The entries that follow include a run beginning at the line with "p i n = p n" and ending at the line with "Fs wstar \<le>"; restate that run word for word and leave the rest out.

╭─ RECORDS FOR PROCESSING

theorem theorem3:
  fixes M :: "'a measure" and Filt :: "nat \<Rightarrow> 'a measure"
    and C E :: nat and p :: "nat \<Rightarrow> nat \<Rightarrow> real"
    and Fs :: "nat \<Rightarrow> 'v::euclidean_space \<Rightarrow> real" and gF :: "nat \<Rightarrow> 'v \<Rightarrow> 'v"
    and L \<mu> \<sigma> G \<beta> \<gamma> :: real
    and w0 wstar :: 'v and ws :: "nat \<Rightarrow> 'v"
    and w g :: "nat \<Rightarrow> nat \<Rightarrow> nat \<Rightarrow> 'a \<Rightarrow> 'v" and u :: "nat \<Rightarrow> nat \<Rightarrow> 'a \<Rightarrow> 'v"
    and t :: nat
  defines "wbar \<equiv> \<lambda>tt k \<omega>. \<Sum>i<C. pw p C i *\<^sub>R w i tt k \<omega>"
    and "wtil \<equiv> \<lambda>i tt k \<omega>. \<beta> *\<^sub>R w i tt k \<omega> + (1 - \<beta>) *\<^sub>R u i tt \<omega>"
  assumes
    \<comment> \<open>similarity weights\<close>
    p_nonneg: "\<And>i n. i < C \<Longrightarrow> n < C \<Longrightarrow> p i n \<ge> 0"
    and p_sym: "\<And>i n. i < C \<Longrightarrow> n < C \<Longrightarrow> p i n = p n i"
    and p_diag: "\<And>i. i < C \<Longrightarrow> p i i = 0"
    and p_sum: "(\<Sum>i<C. \<Sum>n<C. p i n) = 1"
    and p_pos: "\<And>i. i < C \<Longrightarrow> pw p C i > 0"
    \<comment> \<open>parameters\<close>
    and E_pos: "E \<ge> 1"
    and beta: "0 < \<beta>" "\<beta> < 1"
    and L_pos: "L > 0" and mu_pos: "\<mu> > 0"
    and step: "\<gamma> = 1 / (2 * L * real E)"
    \<comment> \<open>smoothness and strong convexity\<close>
    and grad: "\<And>i x. i < C \<Longrightarrow> GDERIV (Fs i) x :> gF i x"
    and smooth: "\<And>i. i < C \<Longrightarrow> L-lipschitz_on UNIV (gF i)"
    and sconv: "\<And>i. i < C \<Longrightarrow> strongly_convex_grad \<mu> (Fs i) (gF i)"
    \<comment> \<open>minimizers\<close>
    and wstar_min: "\<And>x. Fglob p C Fs wstar \<le> Fglob p C Fs x"
    and ws_min: "\<And>i x. i < C \<Longrightarrow> Fs i (ws i) \<le> Fs i x"
    \<comment> \<open>algorithm (pointwise in the sample \<omega>)\<close>
    and u_init: "\<And>i \<omega>. i < C \<Longrightarrow> \<omega> \<in> space M \<Longrightarrow> u i 0 \<omega> = w0"
    and u_next: "\<And>i tt \<omega>. i < C \<Longrightarrow> \<omega> \<in> space M \<Longrightarrow>
        u i (Suc tt) \<omega> = (1 / pw p C i) *\<^sub>R (\<Sum>n<C. p i n *\<^sub>R w n tt E \<omega>)"
    and w_init: "\<And>i \<omega>. i < C \<Longrightarrow> \<omega> \<in> space M \<Longrightarrow> w i 0 0 \<omega> = w0"
    and w_round: "\<And>i tt \<omega>. i < C \<Longrightarrow> \<omega> \<in> space M \<Longrightarrow> w i (Suc tt) 0 \<omega> = wbar tt E \<omega>"
    and w_step: "\<And>i tt k \<omega>. i < C \<Longrightarrow> k < E \<Longrightarrow> \<omega> \<in> space M \<Longrightarrow>
        w i tt (Suc k) \<omega> = w i tt k \<omega> - \<gamma> *\<^sub>R g i tt k \<omega>"
    \<comment> \<open>probability space and filtration of the past (global step index tt*E+k)\<close>
    and prob: "prob_space M"
    and filt_sub: "\<And>s. sigma_finite_subalgebra M (Filt s)"
    and filt_mono: "\<And>s. sets (Filt s) \<subseteq> sets (Filt (Suc s))"
    and g_adapted: "\<And>i tt k. i < C \<Longrightarrow> k < E \<Longrightarrow>
        g i tt k \<in> borel_measurable (Filt (Suc (tt * E + k)))"
    \<comment> \<open>unbiasedness given the past\<close>
    and unbiased: "\<And>i tt k b. i < C \<Longrightarrow> k < E \<Longrightarrow> b \<in> Basis \<Longrightarrow>
        AE \<omega> in M. real_cond_exp M (Filt (tt * E + k)) (\<lambda>\<omega>. inner (g i tt k \<omega>) b) \<omega>
                  = inner (gF i (wtil i tt k \<omega>)) b"
    \<comment> \<open>independence across clients given the past\<close>
    and indep: "\<And>tt k. k < E \<Longrightarrow>
        cond_indep_vars M (Filt (tt * E + k)) borel (\<lambda>i. g i tt k) {..<C}"
    \<comment> \<open>bounded variance and bounded stochastic gradient norm\<close>
    and var_int: "\<And>i tt k. i < C \<Longrightarrow> k < E \<Longrightarrow>
        integrable M (\<lambda>\<omega>. (norm (g i tt k \<omega> - gF i (wtil i tt k \<omega>)))\<^sup>2)"
    and var_bound: "\<And>i tt k. i < C \<Longrightarrow> k < E \<Longrightarrow>
        (\<integral>\<omega>. (norm (g i tt k \<omega> - gF i (wtil i tt k \<omega>)))\<^sup>2 \<partial>M) \<le> \<sigma>\<^sup>2"
    and norm_int: "\<And>i tt k. i < C \<Longrightarrow> k < E \<Longrightarrow>
        integrable M (\<lambda>\<omega>. (norm (g i tt k \<omega>))\<^sup>2)"
    and norm_bound: "\<And>i tt k. i < C \<Longrightarrow> k < E \<Longrightarrow>
        (\<integral>\<omega>. (norm (g i tt k \<omega>))\<^sup>2 \<partial>M) \<le> G\<^sup>2"
  shows "integrable M (\<lambda>\<omega>. Fglob p C Fs (wbar t 0 \<omega>)) \<and>
    (\<integral>\<omega>. Fglob p C Fs (wbar t 0 \<omega>) \<partial>M) - Fglob p C Fs wstar
      \<le> L * (Fglob p C Fs w0 - Fglob p C Fs wstar) / \<mu> * (1 - \<mu> / ((\<beta> + 2) * L)) ^ t
        + (\<Sum>i<C. (pw p C i)\<^sup>2) * \<sigma>\<^sup>2 / (4 * \<mu>)
        + 3 * L * (Fglob p C Fs wstar - (\<Sum>i<C. pw p C i * Fs i (ws i))) / (2 * \<mu>)
        + 2 * (4 + (1 - \<beta>)\<^sup>2 + 8 * (1 - 1 / \<beta>)\<^sup>2) * (real E)\<^sup>2 * G\<^sup>2 / \<mu>
        + \<beta> * (1 - \<beta>) * real E * G\<^sup>2 / (8 * L)"
proof -
  interpret fedavg: perturbed_fedavg M Filt C E p Fs gF L \<mu> G \<beta> \<gamma> w0 w g u wbar wtil
    by (intro perturbed_fedavg.intro[OF prob] perturbed_fedavg_axioms.intro)
      (use assms in \<open>simp_all add: wbar_def wtil_def\<close>)
  have "0 \<le> L * (Fglob p C Fs w0 - Fglob p C Fs wstar) / \<mu> * (1 - \<mu> / ((\<beta> + 2) * L)) ^ t"
    using fedavg.contraction_factor_nonneg wstar_min[of w0] L_pos mu_pos by simp
  moreover have "0 \<le> (\<Sum>i<C. (pw p C i)\<^sup>2) * \<sigma>\<^sup>2 / (4 * \<mu>)"
    using mu_pos by (simp add: sum_nonneg)
  moreover have "(\<Sum>i<C. pw p C i * Fs i (ws i)) \<le> Fglob p C Fs wstar"
    unfolding Fglob_def using ws_min fedavg.pw_nonneg by (intro sum_mono mult_left_mono) auto
  then have "0 \<le> 3 * L * (Fglob p C Fs wstar - (\<Sum>i<C. pw p C i * Fs i (ws i))) / (2 * \<mu>)"
    using L_pos mu_pos by simp
  moreover have "1 * 1 \<le> (4 + (1 - \<beta>)\<^sup>2 + 8 * (1 - 1 / \<beta>)\<^sup>2) * (real E)\<^sup>2"
    using E_pos by (intro mult_mono) auto
  then have "2 * G\<^sup>2 * 1 / \<mu>
      \<le> 2 * G\<^sup>2 * ((4 + (1 - \<beta>)\<^sup>2 + 8 * (1 - 1 / \<beta>)\<^sup>2) * (real E)\<^sup>2) / \<mu>"
    using mu_pos by (intro divide_right_mono mult_left_mono) auto
  then have "2 * G\<^sup>2 / \<mu> \<le> 2 * (4 + (1 - \<beta>)\<^sup>2 + 8 * (1 - 1 / \<beta>)\<^sup>2) * (real E)\<^sup>2 * G\<^sup>2 / \<mu>"
    by (simp only: mult_1_right ac_simps)
  moreover have "0 \<le> \<beta> * (1 - \<beta>) * real E * G\<^sup>2 / (8 * L)"
    using beta L_pos by simp
  ultimately show ?thesis
    using fedavg.integrable_objective fedavg.expected_objective_gap_le[of t wstar]
    by (intro conjI) (blast, linarith)
qed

╰─

SOLUTION FOR THIS PROBLEM:
    and p_sym: "\<And>i n. i < C \<Longrightarrow> n < C \<Longrightarrow> p i n = p n i"
    and p_diag: "\<And>i. i < C \<Longrightarrow> p i i = 0"
    and p_sum: "(\<Sum>i<C. \<Sum>n<C. p i n) = 1"
    and p_pos: "\<And>i. i < C \<Longrightarrow> pw p C i > 0"
    \<comment> \<open>parameters\<close>
    and E_pos: "E \<ge> 1"
    and beta: "0 < \<beta>" "\<beta> < 1"
    and L_pos: "L > 0" and mu_pos: "\<mu> > 0"
    and step: "\<gamma> = 1 / (2 * L * real E)"
    \<comment> \<open>smoothness and strong convexity\<close>
    and grad: "\<And>i x. i < C \<Longrightarrow> GDERIV (Fs i) x :> gF i x"
    and smooth: "\<And>i. i < C \<Longrightarrow> L-lipschitz_on UNIV (gF i)"
    and sconv: "\<And>i. i < C \<Longrightarrow> strongly_convex_grad \<mu> (Fs i) (gF i)"
    \<comment> \<open>minimizers\<close>
    and wstar_min: "\<And>x. Fglob p C Fs wstar \<le> Fglob p C Fs x"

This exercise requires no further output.